Re-evaluation of target expression status in recurrent tumor tissue would have the greatest impact if that target is known to be expressed in primary tissue but, due to a variety of possible reasons, lost in recurrent disease and vice versa. In that case, putatively eligible treatment choices could be disregarded due to the absence of respective targets in the primary tumor tissue or, a chosen molecularly targeted therapy could lack efficacy due to the absence of respective targets at tumor relapse. Stressing the example of a PDGFR-β-directed treatment approach, data from our cohort analysis would imply that 35% of eligible patients would probably be provided with an incorrect treatment decision, unless the evaluation of target expression status would be conducted from tissue at primary and recurrent disease.

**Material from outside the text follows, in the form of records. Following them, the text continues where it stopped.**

lemma frontier_of_TEz:
  assumes adm: "admissible_S \<delta> S \<nu>" and \<delta>: "\<delta> > 0"
  shows "top_of_set (J1 S \<nu>) frontier_of TEz S \<nu> \<delta> 2 = {u \<in> J1 S \<nu>. horiz_sq (fst u) = 4 * \<delta>^2}"
proof -
  have "closedin (top_of_set (J1 S \<nu>)) (J1 S \<nu> \<inter> {u. horiz_sq (fst u) \<le> 4 * \<delta>^2})"
    unfolding horiz_sq_def by (intro closedin_closed_Int closed_Collect_le continuous_intros)
  hence "closedin (top_of_set (J1 S \<nu>)) (TEz S \<nu> \<delta> 2)"
    by (simp add: TEz_eq[OF adm \<delta>] Int_def)
  hence "top_of_set (J1 S \<nu>) frontier_of TEz S \<nu> \<delta> 2
      = TEz S \<nu> \<delta> 2 - {u \<in> J1 S \<nu>. horiz_sq (fst u) < 4 * \<delta>^2}"
    unfolding frontier_of_def interior_of_TEz[OF adm \<delta>] by (simp add: closure_of_closedin)
  also have "\<dots> = {u \<in> J1 S \<nu>. horiz_sq (fst u) = 4 * \<delta>^2}"
    unfolding TEz_eq[OF adm \<delta>] by fastforce
  finally show ?thesis .
qed

lemma transversal_Hset_frontier_TEz:
  assumes adm: "admissible_S \<delta> S \<nu>" and \<delta>: "\<delta> > 0" and \<sigma>: "\<sigma> = 1 \<or> \<sigma> = -1"
  shows "transversal_in (J1 S \<nu>) (Hset S \<nu> \<sigma>) (top_of_set (J1 S \<nu>) frontier_of TEz S \<nu> \<delta> 2)"
  unfolding transversal_in_def
proof
  let ?M = "J1 S \<nu>" and ?H = "Hset S \<nu> \<sigma>" and ?B = "top_of_set (J1 S \<nu>) frontier_of TEz S \<nu> \<delta> 2"
  fix w assume w: "w \<in> ?H \<inter> ?B"
  obtain q p z where qpz: "w = (q, p, z)" by (cases w) auto
  have B: "?B = {u \<in> ?M. horiz_sq (fst u) = 4 * \<delta>^2}" by (rule frontier_of_TEz[OF adm \<delta>])
  have wM: "w \<in> ?M" and q: "horiz_sq q = 4 * \<delta>^2" using w B qpz by auto
  have qcyl: "q \<in> polar_cylinder \<delta>" using polar_cylinder_if_horiz_sq_le[OF \<delta>] q by simp
  have TM: "tangent_vecs ?M w = {v. fst v $ 3 = 0 \<and> fst (snd v) $ 3 = 0}"
    using tangent_vecs_J1_polar[OF adm wM] qcyl qpz by simp
  have fibre: "(0, b, c) \<in> tangent_vecs ?B w" if b: "b $ 3 = 0" for b c
  proof (rule line_direction_in_tangent_vecs[of UNIV])
    fix s :: real
    have "(q, p + s *\<^sub>R b, z + s * c) \<in> ?M"
      using J1_polar_iff[OF adm qcyl] wM qpz b by simp
    thus "w + s *\<^sub>R (0, b, c) \<in> ?B" using B q qpz by simp
  qed auto
  show "{u + v |u v. u \<in> tangent_vecs ?H w \<and> v \<in> tangent_vecs ?B w} = tangent_vecs ?M w"
  proof (intro set_eqI iffI)
    fix x assume "x \<in> {u + v |u v. u \<in> tangent_vecs ?H w \<and> v \<in> tangent_vecs ?B w}"
    then obtain u v where "x = u + v" "u \<in> tangent_vecs ?M w" "v \<in> tangent_vecs ?M w"
      using tangent_vecs_mono[OF Hset_subset_J1[OF adm]] tangent_vecs_mono[of ?B ?M] B by blast
    thus "x \<in> tangent_vecs ?M w" unfolding TM by simp
  next
    fix x assume "x \<in> tangent_vecs ?M w"
    then obtain a b c where x: "x = (a, b, c)" "a $ 3 = 0" "b $ 3 = 0"
      unfolding TM by (cases x) auto
    define b' where "b' = (vector [\<sigma> * a$2, - \<sigma> * a$1, 0] :: real^3)"
    have "(a, b', 0) \<in> tangent_vecs ?H w"
      unfolding b'_def using tangent_vecs_Hset_polar[OF adm \<sigma>] w qcyl qpz x(2) by simp
    moreover have "(0, b - b', c) \<in> tangent_vecs ?B w" using fibre x(3) by (simp add: b'_def)
    moreover have "x = (a, b', 0) + (0, b - b', c)" using x(1) by simp
    ultimately show "x \<in> {u + v |u v. u \<in> tangent_vecs ?H w \<and> v \<in> tangent_vecs ?B w}" by blast
  qed
qed

text \<open>Over the flat discs \<open>d\<alpha>\<close> pairs the \<open>q\<close>- and \<open>p\<close>-directions of \<open>T(J\<^sup>1S)\<close>
  nondegenerately, so a Reeb vector has no \<open>q\<close>- or \<open>p\<close>-component: it is \<open>\<partial>\<^sub>z\<close>.\<close>
lemma reeb_vector_polar:
  assumes adm: "admissible_S \<delta> S \<nu>" and w: "w \<in> J1 S \<nu>" "fst w \<in> polar_cylinder \<delta>"
    and R: "is_reeb (J1 S \<nu>) w R"
  shows "fst R = 0 \<and> fst (snd R) = 0"
proof -
  have TM: "tangent_vecs (J1 S \<nu>) w = {v. fst v $ 3 = 0 \<and> fst (snd v) $ 3 = 0}"
    using tangent_vecs_J1_polar[OF adm w] .
  have R3: "fst R $ 3 = 0" "fst (snd R) $ 3 = 0" using R TM unfolding is_reeb_def by auto
  have "dalpha R Y = 0" if "fst Y $ 3 = 0" "fst (snd Y) $ 3 = 0" for Y
    using R that unfolding is_reeb_def TM by blast
  hence "dalpha R (0, axis i 1, 0) = 0" "dalpha R (axis i 1, 0, 0) = 0" if "i = 1 \<or> i = 2" for i
    using that by (auto simp: axis_def)
  hence "fst R $ i = 0 \<and> fst (snd R) $ i = 0" if "i = 1 \<or> i = 2" for i
    using that by (auto simp: dalpha_def inner_axis inner_axis')
  thus ?thesis using R3 by (simp add: vec3_eq_iff)
qed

Limitations to this assumption come from the yet uncharacterized correlation of target expression status at recurrence of disease, the absence of clearly defined cut-off values for positively scored targets, and from the unclear maximum extent of treatment responses under molecularly target therapy. In addition, the predictive value for many of the candidate targets is not well established in recurrent GBM, and it is not sufficiently investigated whether the observation of shifting target expression status is functionally relevant for the further progression of disease. In addition to the promising results with targeting alterations in the mTOR pathway [9, 31], for most signaling pathways, appropriate diagnostic tools remain to be established. And, ultimately, the tremendous extent of heterogeneity in GBM will continue to pose challenges to the successful conversion of data from investigation of recurrent tumor tissue towards clinical practice. There is a well-documented and considerable extent of inter-patient heterogeneity [5, 32, 33], and there is an increasingly recognized intra-patient heterogeneity that becomes evident, e.g., by the dynamic expansion of coexisting tumor subclones under therapy, which needs to be considered as molecularly distinct [34,35,36,37,38].

Moreover, we cannot exclude that epigenetic variations resemble an alternative mechanism for the variation of target expression. Beside this, gene expression networks, cell lineage and phenotype of individual cells are emerging contributors to the complexity and intra-tumoral heterogeneity of glioblastoma and should be subject of further detailed studies.

Our study furthermore highlights the need to carefully implement, in future diagnostic schemes, the investigation of longitudinal heterogeneity that may be therapy-driven along the course of disease [39]. Future diagnostics may not rely on a single biopsy for sufficient characterization of a tumor’s molecular profile, and thus, clinical standards need to be developed that enable safe acquisition of diagnostic biomaterial from every GBM patient, even those that are not eligible for major re-surgery measures.

Taken together, the molecular characteristics of recurrent tumors cannot sufficiently be predicted from analysis of primarily resected GBM tissue. New trial concepts should consider re-surgery or re-biopsy to enable tissue analysis along the clinical course in GBM to assess the efficacy prior to initiation of a molecularly targeted therapy. In this context, so called “I-Spy”-like trial designs [40], that treat patients depending on their individual molecular profile for a variety of preselected targets with the corresponding compounds could be developed into an appropriate future scenario.

Conclusions

We could demonstrate a high incidence of dissimilar target expression status in clinical samples from primary vs. recurrent GBM. Molecular target expression, as determined at primary diagnosis, may not necessarily present rational treatment clues for the clinical care of recurrent GBM. Thus, second-line therapy require verification of target expression status and further studies need to analyze the therapeutic impact of these findings.